**PROMPT**:
Could you print the entries below exactly, starting at the line that contains "by (simp only: monom_minus_1_mult_geom_sum)" and stopping after the last one?

**DATA SHOWN**:

────────────────────

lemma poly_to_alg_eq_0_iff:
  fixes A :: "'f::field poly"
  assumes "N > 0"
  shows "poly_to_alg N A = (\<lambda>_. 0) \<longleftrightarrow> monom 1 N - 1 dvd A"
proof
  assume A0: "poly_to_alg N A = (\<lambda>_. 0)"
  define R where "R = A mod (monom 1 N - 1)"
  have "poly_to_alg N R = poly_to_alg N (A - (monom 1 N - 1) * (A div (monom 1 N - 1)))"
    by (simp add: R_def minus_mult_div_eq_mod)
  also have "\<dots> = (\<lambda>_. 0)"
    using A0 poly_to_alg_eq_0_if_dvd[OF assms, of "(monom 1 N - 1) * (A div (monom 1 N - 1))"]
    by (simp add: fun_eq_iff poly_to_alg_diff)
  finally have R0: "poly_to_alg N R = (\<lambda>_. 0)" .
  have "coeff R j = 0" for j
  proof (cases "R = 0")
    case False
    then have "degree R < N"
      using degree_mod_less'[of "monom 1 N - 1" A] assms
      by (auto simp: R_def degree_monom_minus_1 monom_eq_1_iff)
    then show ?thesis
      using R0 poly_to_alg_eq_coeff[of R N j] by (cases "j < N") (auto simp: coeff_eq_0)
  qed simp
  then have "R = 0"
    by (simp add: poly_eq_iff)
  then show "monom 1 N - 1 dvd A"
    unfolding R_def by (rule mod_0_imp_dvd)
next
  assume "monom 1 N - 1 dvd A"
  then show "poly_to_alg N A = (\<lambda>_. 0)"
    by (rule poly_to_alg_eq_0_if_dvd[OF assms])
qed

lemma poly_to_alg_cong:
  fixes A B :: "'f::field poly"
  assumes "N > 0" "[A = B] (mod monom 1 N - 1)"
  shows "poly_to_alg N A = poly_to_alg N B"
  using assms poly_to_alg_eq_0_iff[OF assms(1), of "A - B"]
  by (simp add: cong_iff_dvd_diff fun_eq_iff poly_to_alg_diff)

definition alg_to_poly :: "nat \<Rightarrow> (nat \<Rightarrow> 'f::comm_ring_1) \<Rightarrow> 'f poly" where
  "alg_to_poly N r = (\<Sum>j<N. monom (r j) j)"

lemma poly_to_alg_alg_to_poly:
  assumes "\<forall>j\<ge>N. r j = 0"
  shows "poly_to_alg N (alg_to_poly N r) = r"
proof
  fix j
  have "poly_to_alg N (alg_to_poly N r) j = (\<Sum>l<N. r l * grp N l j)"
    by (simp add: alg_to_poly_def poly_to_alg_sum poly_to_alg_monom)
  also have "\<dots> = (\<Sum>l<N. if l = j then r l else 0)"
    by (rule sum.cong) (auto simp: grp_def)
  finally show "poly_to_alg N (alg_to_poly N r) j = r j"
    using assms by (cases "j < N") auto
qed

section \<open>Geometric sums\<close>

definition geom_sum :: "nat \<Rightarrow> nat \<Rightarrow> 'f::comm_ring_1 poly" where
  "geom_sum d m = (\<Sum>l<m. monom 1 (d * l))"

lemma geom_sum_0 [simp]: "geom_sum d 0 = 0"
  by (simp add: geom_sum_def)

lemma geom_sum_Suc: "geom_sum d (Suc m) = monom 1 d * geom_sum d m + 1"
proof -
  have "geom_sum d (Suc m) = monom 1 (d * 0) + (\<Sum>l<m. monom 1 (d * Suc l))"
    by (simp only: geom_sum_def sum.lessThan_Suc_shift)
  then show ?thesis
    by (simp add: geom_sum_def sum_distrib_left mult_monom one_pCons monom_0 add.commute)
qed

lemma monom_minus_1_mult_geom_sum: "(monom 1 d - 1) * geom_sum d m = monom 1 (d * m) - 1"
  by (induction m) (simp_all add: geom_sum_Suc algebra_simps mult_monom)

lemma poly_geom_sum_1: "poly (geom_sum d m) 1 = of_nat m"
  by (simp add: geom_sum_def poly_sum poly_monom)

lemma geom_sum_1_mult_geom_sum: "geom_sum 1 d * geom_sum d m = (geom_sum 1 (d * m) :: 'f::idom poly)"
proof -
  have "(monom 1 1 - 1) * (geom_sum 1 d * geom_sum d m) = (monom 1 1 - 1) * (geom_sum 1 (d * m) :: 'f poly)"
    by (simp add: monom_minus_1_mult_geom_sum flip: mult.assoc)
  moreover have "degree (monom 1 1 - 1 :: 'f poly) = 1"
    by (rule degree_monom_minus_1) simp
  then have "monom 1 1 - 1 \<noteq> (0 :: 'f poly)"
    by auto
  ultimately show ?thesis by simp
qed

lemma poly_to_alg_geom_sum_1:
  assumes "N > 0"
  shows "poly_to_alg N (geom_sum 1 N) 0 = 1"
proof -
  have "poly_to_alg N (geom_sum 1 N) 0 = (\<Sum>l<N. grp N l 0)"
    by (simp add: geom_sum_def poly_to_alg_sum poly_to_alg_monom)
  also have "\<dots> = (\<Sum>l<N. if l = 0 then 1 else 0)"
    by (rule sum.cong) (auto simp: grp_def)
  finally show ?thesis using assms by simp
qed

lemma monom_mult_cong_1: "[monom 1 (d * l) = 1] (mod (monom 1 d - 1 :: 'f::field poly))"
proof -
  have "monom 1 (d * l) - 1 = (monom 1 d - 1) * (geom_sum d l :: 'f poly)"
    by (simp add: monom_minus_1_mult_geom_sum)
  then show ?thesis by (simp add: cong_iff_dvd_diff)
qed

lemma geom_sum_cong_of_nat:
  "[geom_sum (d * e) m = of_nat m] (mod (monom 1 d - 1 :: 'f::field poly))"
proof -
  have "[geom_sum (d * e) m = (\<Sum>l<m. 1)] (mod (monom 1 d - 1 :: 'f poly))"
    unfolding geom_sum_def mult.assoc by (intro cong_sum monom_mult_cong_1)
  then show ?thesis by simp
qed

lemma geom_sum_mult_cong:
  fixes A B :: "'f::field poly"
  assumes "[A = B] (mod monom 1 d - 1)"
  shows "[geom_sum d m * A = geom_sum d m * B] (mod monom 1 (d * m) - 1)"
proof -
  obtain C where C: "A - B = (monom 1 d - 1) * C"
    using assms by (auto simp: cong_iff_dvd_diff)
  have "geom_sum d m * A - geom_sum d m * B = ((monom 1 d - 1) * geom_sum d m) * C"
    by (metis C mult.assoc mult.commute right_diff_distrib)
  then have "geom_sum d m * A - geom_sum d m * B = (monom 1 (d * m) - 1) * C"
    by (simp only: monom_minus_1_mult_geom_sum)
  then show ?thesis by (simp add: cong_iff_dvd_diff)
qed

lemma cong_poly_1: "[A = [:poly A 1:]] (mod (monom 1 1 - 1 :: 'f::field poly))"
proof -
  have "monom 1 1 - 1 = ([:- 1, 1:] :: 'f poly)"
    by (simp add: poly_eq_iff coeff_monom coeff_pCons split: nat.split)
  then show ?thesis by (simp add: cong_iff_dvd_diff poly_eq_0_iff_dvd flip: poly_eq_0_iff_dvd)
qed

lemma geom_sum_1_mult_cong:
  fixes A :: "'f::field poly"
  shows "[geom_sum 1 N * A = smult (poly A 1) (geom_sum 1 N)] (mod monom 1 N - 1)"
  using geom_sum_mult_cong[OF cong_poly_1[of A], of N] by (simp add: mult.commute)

────────────────────

**RESPONSE AREA**:
    by (simp only: monom_minus_1_mult_geom_sum)
  then show ?thesis by (simp add: cong_iff_dvd_diff)
qed

lemma cong_poly_1: "[A = [:poly A 1:]] (mod (monom 1 1 - 1 :: 'f::field poly))"
proof -
  have "monom 1 1 - 1 = ([:- 1, 1:] :: 'f poly)"
    by (simp add: poly_eq_iff coeff_monom coeff_pCons split: nat.split)
  then show ?thesis by (simp add: cong_iff_dvd_diff poly_eq_0_iff_dvd flip: poly_eq_0_iff_dvd)
qed

lemma geom_sum_1_mult_cong:
  fixes A :: "'f::field poly"
  shows "[geom_sum 1 N * A = smult (poly A 1) (geom_sum 1 N)] (mod monom 1 N - 1)"
  using geom_sum_mult_cong[OF cong_poly_1[of A], of N] by (simp add: mult.commute)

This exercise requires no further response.